What you will do: Below are the records; give again exactly the line with "T \<Longrightarrow> complex_of_real t * u", the line with "M = \<bar>?b\<bar>", and each line that lies between them, and nothing besides.

Saved data entries:

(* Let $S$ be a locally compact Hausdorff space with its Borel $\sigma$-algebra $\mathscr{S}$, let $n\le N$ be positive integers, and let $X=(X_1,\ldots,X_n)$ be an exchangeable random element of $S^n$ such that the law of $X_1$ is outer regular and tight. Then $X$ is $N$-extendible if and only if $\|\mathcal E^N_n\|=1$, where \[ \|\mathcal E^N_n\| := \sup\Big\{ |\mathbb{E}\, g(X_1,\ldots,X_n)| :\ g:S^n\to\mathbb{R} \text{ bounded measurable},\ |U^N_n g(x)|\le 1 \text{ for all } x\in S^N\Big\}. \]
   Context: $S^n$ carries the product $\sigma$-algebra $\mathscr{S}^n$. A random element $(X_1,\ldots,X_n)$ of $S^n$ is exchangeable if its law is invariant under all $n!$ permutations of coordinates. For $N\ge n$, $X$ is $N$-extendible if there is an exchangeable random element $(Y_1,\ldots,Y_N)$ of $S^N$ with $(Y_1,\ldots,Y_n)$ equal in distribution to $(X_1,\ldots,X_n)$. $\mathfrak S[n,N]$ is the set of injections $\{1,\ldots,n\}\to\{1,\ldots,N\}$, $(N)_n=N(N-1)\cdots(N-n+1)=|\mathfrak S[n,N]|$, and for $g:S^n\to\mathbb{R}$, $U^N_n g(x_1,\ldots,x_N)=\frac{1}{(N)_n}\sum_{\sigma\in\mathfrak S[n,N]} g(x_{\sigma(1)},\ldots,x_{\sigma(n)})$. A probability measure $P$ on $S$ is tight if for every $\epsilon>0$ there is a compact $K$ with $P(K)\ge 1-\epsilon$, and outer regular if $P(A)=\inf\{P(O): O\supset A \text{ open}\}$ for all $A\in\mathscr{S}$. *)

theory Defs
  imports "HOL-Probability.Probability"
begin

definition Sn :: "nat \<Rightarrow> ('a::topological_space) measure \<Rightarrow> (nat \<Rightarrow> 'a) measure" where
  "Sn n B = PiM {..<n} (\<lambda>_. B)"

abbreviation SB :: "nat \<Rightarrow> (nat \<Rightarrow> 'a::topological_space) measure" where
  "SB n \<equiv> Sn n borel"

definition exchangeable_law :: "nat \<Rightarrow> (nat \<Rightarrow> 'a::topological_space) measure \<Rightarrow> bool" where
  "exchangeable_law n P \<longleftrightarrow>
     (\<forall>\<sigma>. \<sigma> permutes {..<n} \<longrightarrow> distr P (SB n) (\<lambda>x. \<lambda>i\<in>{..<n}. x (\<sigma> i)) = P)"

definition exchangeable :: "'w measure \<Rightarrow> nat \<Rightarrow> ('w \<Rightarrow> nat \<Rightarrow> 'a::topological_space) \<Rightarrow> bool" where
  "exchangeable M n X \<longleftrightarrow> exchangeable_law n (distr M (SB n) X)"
* * *
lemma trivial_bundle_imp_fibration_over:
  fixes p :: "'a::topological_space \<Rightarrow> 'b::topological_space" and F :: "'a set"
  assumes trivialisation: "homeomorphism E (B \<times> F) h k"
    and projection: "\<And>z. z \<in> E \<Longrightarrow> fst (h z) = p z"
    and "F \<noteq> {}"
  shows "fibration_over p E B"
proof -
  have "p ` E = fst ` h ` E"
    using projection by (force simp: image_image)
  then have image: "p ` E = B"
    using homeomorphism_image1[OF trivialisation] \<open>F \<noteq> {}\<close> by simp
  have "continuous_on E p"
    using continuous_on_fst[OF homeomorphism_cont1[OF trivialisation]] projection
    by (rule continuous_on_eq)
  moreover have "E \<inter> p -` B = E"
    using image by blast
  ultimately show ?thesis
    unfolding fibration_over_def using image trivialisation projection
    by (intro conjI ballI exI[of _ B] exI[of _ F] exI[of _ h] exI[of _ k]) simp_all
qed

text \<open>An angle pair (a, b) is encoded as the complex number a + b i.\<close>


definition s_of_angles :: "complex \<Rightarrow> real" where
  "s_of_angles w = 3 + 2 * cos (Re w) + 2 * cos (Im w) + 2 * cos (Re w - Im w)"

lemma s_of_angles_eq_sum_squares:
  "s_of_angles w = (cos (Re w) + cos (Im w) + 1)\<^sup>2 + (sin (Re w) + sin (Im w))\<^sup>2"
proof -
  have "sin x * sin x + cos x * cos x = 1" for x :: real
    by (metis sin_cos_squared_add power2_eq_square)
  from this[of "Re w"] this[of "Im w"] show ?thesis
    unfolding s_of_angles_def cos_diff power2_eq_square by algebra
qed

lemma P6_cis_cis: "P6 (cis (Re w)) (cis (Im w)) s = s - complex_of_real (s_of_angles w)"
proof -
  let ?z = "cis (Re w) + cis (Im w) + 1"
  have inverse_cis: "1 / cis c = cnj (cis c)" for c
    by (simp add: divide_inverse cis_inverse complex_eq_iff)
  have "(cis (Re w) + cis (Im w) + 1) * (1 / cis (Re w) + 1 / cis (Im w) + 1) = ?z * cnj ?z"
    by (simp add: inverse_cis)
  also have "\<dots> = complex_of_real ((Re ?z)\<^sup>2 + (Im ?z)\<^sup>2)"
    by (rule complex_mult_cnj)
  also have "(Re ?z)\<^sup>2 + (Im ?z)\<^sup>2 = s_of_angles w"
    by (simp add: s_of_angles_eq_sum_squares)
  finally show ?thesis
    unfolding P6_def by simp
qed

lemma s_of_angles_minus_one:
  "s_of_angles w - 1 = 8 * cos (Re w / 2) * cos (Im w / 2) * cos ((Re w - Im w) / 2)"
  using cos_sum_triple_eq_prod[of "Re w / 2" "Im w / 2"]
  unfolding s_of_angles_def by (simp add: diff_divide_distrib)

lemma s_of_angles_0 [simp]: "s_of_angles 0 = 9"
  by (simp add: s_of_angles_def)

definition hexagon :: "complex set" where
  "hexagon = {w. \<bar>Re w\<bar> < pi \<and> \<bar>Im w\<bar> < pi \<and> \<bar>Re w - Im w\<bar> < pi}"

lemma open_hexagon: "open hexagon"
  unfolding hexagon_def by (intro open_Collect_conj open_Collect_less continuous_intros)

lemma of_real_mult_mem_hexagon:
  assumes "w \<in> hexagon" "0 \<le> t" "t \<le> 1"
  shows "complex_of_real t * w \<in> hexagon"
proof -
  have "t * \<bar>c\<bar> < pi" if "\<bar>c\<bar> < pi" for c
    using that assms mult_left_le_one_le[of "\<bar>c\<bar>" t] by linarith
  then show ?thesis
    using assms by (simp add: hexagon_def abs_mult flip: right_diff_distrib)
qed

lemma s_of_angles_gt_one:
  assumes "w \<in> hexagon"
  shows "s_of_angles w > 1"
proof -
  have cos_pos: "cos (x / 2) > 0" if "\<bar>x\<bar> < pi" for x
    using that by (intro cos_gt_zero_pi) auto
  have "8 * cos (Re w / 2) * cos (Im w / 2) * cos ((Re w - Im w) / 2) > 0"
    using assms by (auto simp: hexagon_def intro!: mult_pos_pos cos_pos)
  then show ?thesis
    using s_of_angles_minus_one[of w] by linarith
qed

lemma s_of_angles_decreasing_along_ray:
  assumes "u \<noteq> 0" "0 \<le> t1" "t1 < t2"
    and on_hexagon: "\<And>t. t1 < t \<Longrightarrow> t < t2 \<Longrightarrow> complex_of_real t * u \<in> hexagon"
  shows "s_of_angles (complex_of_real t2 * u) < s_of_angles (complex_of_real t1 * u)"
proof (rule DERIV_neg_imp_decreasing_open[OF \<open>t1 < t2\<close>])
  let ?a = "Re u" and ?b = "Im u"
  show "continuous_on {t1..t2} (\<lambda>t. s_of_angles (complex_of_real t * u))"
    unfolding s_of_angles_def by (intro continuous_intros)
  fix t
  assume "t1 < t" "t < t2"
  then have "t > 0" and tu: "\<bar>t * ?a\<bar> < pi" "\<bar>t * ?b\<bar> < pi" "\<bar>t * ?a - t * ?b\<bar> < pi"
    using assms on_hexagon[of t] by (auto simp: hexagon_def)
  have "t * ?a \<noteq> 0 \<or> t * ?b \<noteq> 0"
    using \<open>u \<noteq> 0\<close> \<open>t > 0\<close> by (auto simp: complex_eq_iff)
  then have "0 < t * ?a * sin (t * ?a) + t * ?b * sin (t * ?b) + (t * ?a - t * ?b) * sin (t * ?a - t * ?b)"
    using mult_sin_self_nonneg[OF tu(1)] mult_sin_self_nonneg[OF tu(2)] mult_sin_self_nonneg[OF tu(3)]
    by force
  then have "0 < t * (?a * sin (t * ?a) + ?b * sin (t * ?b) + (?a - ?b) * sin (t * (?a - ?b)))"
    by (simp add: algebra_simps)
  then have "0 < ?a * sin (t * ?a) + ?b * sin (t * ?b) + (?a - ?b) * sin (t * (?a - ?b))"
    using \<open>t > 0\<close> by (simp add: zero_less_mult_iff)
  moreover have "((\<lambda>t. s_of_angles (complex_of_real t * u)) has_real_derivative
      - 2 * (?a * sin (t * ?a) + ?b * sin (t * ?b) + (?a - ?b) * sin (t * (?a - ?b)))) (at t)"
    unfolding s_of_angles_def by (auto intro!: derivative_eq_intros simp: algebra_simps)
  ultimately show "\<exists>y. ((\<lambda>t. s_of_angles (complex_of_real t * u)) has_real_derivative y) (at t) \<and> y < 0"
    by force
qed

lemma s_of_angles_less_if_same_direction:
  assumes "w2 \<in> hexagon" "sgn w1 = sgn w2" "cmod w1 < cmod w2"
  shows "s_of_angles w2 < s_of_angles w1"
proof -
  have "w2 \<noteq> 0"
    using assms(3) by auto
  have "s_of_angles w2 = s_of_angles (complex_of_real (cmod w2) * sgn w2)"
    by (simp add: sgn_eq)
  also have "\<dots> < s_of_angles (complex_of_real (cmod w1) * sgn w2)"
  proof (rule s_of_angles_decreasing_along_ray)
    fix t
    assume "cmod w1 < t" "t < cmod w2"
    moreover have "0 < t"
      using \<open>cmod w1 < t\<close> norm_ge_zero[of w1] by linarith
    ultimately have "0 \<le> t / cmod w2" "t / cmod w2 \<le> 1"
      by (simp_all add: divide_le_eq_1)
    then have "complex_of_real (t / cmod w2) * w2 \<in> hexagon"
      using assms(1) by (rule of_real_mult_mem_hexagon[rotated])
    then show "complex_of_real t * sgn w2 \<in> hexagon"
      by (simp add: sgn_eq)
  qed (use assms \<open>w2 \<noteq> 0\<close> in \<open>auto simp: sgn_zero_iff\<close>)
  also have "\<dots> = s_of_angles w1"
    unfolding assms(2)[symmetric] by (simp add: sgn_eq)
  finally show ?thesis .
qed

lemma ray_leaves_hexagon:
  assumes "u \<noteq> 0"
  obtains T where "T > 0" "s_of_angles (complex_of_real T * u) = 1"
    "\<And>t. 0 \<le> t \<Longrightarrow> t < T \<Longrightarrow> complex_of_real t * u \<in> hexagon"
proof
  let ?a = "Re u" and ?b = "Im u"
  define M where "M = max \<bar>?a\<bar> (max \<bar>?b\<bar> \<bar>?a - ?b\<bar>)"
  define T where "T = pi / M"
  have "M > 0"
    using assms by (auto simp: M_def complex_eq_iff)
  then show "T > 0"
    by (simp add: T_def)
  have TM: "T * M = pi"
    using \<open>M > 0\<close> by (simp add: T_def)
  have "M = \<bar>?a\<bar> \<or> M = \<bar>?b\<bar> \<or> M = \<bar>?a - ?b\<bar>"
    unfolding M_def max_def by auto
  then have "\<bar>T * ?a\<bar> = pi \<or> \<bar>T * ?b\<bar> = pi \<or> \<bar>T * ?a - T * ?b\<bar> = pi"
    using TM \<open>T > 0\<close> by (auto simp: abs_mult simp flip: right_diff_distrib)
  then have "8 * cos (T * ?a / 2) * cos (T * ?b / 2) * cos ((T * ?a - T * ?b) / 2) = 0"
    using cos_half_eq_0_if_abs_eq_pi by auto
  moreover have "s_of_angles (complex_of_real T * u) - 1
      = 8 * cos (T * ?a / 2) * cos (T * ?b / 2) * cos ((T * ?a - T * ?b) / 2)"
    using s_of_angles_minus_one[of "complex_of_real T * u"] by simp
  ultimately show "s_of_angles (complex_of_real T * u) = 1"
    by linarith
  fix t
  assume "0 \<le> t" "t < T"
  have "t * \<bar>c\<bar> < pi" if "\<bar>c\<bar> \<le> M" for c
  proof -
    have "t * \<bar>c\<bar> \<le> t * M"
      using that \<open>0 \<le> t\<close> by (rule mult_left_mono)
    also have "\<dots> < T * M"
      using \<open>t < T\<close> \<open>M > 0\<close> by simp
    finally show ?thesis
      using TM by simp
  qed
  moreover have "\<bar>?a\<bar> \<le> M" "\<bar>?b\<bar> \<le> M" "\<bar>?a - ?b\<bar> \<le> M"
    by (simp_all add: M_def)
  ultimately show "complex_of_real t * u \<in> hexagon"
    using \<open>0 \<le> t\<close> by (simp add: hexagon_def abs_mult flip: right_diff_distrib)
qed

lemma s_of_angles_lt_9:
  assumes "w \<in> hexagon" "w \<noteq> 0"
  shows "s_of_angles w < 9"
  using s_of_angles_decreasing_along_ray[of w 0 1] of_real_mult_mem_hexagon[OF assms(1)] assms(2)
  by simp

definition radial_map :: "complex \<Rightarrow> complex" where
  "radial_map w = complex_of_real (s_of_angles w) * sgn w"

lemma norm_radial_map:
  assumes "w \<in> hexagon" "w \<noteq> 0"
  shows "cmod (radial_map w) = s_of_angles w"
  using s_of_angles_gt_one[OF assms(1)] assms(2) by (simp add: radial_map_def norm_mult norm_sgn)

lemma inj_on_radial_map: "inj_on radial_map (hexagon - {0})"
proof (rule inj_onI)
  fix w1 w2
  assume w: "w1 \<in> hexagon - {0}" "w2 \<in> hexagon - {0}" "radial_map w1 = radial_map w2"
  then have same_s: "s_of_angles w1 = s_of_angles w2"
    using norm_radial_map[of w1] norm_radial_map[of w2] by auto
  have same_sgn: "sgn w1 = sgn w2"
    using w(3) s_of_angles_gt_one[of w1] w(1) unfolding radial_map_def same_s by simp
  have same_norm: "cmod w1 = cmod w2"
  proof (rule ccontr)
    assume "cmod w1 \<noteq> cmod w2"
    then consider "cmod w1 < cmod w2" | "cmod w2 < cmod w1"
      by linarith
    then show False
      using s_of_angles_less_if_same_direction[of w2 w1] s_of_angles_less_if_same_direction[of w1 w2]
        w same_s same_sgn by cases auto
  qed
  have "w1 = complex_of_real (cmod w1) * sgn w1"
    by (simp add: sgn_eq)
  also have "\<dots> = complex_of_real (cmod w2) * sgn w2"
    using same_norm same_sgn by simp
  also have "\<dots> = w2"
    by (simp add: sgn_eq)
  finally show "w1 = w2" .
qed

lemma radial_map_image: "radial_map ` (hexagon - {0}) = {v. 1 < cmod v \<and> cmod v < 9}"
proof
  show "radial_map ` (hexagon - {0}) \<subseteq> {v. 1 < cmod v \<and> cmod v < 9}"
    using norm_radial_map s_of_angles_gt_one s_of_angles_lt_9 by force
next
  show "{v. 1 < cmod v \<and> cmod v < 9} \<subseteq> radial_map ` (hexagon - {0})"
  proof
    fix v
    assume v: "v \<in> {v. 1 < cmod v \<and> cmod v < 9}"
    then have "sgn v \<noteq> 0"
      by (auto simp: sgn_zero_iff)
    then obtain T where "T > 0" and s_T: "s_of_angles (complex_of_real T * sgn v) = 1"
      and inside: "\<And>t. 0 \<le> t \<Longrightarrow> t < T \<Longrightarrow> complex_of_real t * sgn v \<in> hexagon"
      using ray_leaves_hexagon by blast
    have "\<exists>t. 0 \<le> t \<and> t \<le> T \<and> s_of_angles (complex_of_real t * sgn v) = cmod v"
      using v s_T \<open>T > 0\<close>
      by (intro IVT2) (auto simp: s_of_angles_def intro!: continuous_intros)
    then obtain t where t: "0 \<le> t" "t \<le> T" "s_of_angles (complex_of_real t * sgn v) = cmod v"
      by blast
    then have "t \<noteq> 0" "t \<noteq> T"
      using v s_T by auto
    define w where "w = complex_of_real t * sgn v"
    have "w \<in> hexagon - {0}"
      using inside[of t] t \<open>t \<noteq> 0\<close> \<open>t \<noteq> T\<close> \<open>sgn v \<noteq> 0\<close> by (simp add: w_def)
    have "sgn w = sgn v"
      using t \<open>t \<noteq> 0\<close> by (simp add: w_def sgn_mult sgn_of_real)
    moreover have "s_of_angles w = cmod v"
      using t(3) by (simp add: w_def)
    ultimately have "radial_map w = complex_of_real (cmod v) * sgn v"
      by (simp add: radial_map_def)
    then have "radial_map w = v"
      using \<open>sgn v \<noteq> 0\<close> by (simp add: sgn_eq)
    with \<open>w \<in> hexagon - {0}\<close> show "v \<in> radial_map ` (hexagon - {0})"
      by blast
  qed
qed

Response to the task:
    "\<And>t. 0 \<le> t \<Longrightarrow> t < T \<Longrightarrow> complex_of_real t * u \<in> hexagon"
proof
  let ?a = "Re u" and ?b = "Im u"
  define M where "M = max \<bar>?a\<bar> (max \<bar>?b\<bar> \<bar>?a - ?b\<bar>)"
  define T where "T = pi / M"
  have "M > 0"
    using assms by (auto simp: M_def complex_eq_iff)
  then show "T > 0"
    by (simp add: T_def)
  have TM: "T * M = pi"
    using \<open>M > 0\<close> by (simp add: T_def)
  have "M = \<bar>?a\<bar> \<or> M = \<bar>?b\<bar> \<or> M = \<bar>?a - ?b\<bar>"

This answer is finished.